>>>>
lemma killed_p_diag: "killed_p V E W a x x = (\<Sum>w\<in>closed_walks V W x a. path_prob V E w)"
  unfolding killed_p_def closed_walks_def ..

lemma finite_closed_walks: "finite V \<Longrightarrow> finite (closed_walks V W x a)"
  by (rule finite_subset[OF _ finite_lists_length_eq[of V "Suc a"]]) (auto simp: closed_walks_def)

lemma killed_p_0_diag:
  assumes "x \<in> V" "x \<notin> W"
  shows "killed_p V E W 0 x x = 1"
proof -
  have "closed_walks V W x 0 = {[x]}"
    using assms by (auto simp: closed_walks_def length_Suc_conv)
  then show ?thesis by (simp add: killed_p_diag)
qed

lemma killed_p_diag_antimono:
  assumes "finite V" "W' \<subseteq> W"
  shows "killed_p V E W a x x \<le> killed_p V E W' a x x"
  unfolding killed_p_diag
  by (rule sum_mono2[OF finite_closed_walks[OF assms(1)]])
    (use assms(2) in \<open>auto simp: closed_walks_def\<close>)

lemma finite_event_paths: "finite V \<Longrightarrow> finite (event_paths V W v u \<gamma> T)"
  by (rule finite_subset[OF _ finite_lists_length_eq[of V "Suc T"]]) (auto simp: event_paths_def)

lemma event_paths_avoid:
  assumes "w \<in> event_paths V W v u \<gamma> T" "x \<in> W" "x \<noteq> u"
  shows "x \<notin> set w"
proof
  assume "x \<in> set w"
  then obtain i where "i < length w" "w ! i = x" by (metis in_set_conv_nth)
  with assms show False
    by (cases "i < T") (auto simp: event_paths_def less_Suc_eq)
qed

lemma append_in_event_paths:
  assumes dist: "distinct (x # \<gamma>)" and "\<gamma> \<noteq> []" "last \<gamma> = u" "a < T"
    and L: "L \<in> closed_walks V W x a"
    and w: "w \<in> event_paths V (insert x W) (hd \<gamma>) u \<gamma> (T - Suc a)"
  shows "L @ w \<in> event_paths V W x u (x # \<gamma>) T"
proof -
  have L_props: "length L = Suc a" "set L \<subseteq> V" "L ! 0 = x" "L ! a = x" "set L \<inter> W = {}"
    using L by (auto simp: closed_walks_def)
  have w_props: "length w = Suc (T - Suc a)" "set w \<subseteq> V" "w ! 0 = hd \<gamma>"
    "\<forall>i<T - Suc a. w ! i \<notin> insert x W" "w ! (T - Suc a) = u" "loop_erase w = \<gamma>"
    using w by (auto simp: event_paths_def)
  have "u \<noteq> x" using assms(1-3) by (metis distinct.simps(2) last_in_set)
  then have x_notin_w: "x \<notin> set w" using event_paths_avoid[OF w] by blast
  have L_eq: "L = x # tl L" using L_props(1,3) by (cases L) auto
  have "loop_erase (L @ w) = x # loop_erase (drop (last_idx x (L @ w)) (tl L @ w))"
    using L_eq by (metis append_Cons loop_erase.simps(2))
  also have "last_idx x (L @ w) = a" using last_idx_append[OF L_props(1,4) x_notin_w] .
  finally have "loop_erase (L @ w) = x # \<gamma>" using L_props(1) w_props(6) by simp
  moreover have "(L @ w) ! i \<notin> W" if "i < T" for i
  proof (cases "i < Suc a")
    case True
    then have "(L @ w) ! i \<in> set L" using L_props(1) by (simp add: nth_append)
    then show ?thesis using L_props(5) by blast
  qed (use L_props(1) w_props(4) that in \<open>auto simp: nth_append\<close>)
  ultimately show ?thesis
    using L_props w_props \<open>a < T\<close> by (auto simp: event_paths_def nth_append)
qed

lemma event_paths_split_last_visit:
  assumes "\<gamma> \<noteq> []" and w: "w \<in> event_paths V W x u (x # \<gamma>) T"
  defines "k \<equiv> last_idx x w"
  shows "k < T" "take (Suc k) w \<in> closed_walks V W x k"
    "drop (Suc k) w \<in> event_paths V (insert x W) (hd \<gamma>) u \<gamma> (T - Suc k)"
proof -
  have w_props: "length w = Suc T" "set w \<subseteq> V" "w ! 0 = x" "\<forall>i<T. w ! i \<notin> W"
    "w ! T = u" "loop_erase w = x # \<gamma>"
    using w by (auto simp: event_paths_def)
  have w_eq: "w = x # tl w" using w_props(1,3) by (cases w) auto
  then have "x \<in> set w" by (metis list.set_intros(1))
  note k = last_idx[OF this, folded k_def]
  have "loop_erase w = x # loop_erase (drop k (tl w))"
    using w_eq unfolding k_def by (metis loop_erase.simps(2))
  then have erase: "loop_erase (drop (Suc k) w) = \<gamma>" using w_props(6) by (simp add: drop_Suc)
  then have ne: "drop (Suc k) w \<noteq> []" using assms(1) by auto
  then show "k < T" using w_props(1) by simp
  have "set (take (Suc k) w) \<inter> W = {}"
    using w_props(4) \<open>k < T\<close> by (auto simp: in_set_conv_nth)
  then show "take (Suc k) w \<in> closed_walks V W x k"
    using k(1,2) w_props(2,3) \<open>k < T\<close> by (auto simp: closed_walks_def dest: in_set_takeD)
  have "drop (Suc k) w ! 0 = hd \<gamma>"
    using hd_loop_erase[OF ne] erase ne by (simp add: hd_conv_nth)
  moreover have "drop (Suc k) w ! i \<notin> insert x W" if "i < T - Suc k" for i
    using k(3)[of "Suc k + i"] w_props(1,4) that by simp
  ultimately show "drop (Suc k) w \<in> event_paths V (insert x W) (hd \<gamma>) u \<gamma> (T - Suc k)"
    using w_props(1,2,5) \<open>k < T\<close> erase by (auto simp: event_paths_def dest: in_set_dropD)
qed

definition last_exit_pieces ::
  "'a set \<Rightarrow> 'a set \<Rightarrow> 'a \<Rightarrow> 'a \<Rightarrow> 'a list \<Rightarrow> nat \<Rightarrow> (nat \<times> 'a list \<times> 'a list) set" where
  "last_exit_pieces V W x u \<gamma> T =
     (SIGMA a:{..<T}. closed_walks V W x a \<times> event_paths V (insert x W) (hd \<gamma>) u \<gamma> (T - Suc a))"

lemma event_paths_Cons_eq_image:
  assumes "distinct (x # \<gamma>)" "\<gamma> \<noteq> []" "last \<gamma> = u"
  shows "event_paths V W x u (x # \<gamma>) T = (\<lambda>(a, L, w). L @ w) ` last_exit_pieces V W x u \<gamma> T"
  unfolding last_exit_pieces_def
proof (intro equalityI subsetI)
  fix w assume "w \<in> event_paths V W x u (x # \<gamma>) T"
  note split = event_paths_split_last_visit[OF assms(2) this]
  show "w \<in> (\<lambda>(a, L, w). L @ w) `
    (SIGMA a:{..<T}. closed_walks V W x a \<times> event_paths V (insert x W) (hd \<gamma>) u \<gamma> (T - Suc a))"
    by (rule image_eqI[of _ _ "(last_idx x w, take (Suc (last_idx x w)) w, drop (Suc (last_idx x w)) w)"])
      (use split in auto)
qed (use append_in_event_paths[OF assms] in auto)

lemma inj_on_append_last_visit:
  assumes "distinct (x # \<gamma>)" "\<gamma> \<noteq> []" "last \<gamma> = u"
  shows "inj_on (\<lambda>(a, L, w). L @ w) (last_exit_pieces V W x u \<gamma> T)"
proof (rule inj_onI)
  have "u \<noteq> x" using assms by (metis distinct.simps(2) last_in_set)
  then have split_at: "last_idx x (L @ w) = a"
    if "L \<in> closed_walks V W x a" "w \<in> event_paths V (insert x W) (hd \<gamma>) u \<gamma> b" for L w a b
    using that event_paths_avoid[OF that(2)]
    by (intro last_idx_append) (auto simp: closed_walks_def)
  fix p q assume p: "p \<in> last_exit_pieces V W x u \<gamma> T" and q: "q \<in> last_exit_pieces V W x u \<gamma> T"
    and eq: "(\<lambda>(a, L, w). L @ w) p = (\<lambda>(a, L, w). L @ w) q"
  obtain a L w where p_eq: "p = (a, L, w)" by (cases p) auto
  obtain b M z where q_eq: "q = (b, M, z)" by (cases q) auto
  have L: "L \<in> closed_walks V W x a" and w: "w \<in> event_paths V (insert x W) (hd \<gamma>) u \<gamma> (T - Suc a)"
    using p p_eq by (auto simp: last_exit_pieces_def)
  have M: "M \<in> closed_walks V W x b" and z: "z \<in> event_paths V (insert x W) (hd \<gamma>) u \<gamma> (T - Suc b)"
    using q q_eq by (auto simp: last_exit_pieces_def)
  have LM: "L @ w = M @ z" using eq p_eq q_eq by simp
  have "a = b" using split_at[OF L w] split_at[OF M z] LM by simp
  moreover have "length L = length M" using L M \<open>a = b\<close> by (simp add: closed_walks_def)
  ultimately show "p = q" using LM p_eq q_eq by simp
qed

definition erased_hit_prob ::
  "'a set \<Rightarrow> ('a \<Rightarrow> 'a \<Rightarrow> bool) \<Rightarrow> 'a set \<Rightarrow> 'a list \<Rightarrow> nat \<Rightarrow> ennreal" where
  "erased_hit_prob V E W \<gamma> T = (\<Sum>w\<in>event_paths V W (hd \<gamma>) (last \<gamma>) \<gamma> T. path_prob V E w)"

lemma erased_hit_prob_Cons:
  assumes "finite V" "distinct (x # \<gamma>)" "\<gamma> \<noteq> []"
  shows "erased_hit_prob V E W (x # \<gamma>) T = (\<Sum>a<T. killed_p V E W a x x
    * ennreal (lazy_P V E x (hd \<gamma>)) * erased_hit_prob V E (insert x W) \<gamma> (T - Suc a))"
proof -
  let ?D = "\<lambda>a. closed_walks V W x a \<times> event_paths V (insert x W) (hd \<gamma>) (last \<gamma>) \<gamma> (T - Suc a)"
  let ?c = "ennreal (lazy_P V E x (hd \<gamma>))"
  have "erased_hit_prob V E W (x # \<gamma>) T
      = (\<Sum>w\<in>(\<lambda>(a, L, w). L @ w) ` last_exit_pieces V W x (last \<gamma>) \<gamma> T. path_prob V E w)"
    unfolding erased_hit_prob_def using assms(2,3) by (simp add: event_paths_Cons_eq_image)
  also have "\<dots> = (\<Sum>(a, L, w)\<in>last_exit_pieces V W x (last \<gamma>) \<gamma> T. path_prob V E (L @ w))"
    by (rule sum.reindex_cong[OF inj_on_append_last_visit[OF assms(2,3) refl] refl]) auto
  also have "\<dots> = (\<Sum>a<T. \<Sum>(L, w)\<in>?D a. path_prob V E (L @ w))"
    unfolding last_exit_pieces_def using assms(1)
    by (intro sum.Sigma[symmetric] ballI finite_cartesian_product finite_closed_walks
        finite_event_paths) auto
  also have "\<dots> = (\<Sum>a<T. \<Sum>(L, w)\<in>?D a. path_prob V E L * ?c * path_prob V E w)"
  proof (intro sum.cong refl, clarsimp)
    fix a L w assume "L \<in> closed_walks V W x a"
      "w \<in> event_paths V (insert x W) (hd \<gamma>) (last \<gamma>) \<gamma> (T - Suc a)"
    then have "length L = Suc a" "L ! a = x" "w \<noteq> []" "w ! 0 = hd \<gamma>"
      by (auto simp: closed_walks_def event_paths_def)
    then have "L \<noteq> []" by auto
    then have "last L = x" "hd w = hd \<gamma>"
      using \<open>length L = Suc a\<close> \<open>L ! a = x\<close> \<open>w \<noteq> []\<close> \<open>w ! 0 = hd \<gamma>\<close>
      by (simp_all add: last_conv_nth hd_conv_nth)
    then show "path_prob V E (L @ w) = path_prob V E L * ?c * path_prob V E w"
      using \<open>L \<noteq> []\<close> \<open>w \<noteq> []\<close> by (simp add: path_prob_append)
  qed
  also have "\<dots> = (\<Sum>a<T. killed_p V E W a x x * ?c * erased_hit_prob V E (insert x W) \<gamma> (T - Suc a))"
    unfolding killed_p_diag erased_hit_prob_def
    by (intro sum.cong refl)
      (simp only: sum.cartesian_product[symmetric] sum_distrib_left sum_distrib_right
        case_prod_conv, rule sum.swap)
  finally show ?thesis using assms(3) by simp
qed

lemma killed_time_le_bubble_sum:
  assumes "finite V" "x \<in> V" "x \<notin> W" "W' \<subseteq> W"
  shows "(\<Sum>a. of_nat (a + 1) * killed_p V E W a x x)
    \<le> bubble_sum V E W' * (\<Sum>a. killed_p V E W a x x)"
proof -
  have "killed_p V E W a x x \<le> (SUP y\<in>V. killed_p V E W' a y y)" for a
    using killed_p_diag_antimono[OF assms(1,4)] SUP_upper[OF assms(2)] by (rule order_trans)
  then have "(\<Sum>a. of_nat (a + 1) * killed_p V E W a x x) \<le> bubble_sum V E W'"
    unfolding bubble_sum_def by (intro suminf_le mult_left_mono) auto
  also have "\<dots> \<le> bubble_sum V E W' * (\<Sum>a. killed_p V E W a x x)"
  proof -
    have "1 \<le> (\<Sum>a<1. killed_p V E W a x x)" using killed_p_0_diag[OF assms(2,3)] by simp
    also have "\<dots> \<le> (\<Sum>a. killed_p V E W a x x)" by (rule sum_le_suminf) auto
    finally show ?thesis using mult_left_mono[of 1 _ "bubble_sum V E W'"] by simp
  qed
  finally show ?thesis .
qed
<<<<
• Problem to solve
Check all the records above and select each line where the string "metis" is found.

• Your solution
  then obtain i where "i < length w" "w ! i = x" by (metis in_set_conv_nth)
  have "u \<noteq> x" using assms(1-3) by (metis distinct.simps(2) last_in_set)
    using L_eq by (metis append_Cons loop_erase.simps(2))
  then have "x \<in> set w" by (metis list.set_intros(1))
    using w_eq unfolding k_def by (metis loop_erase.simps(2))
  have "u \<noteq> x" using assms by (metis distinct.simps(2) last_in_set)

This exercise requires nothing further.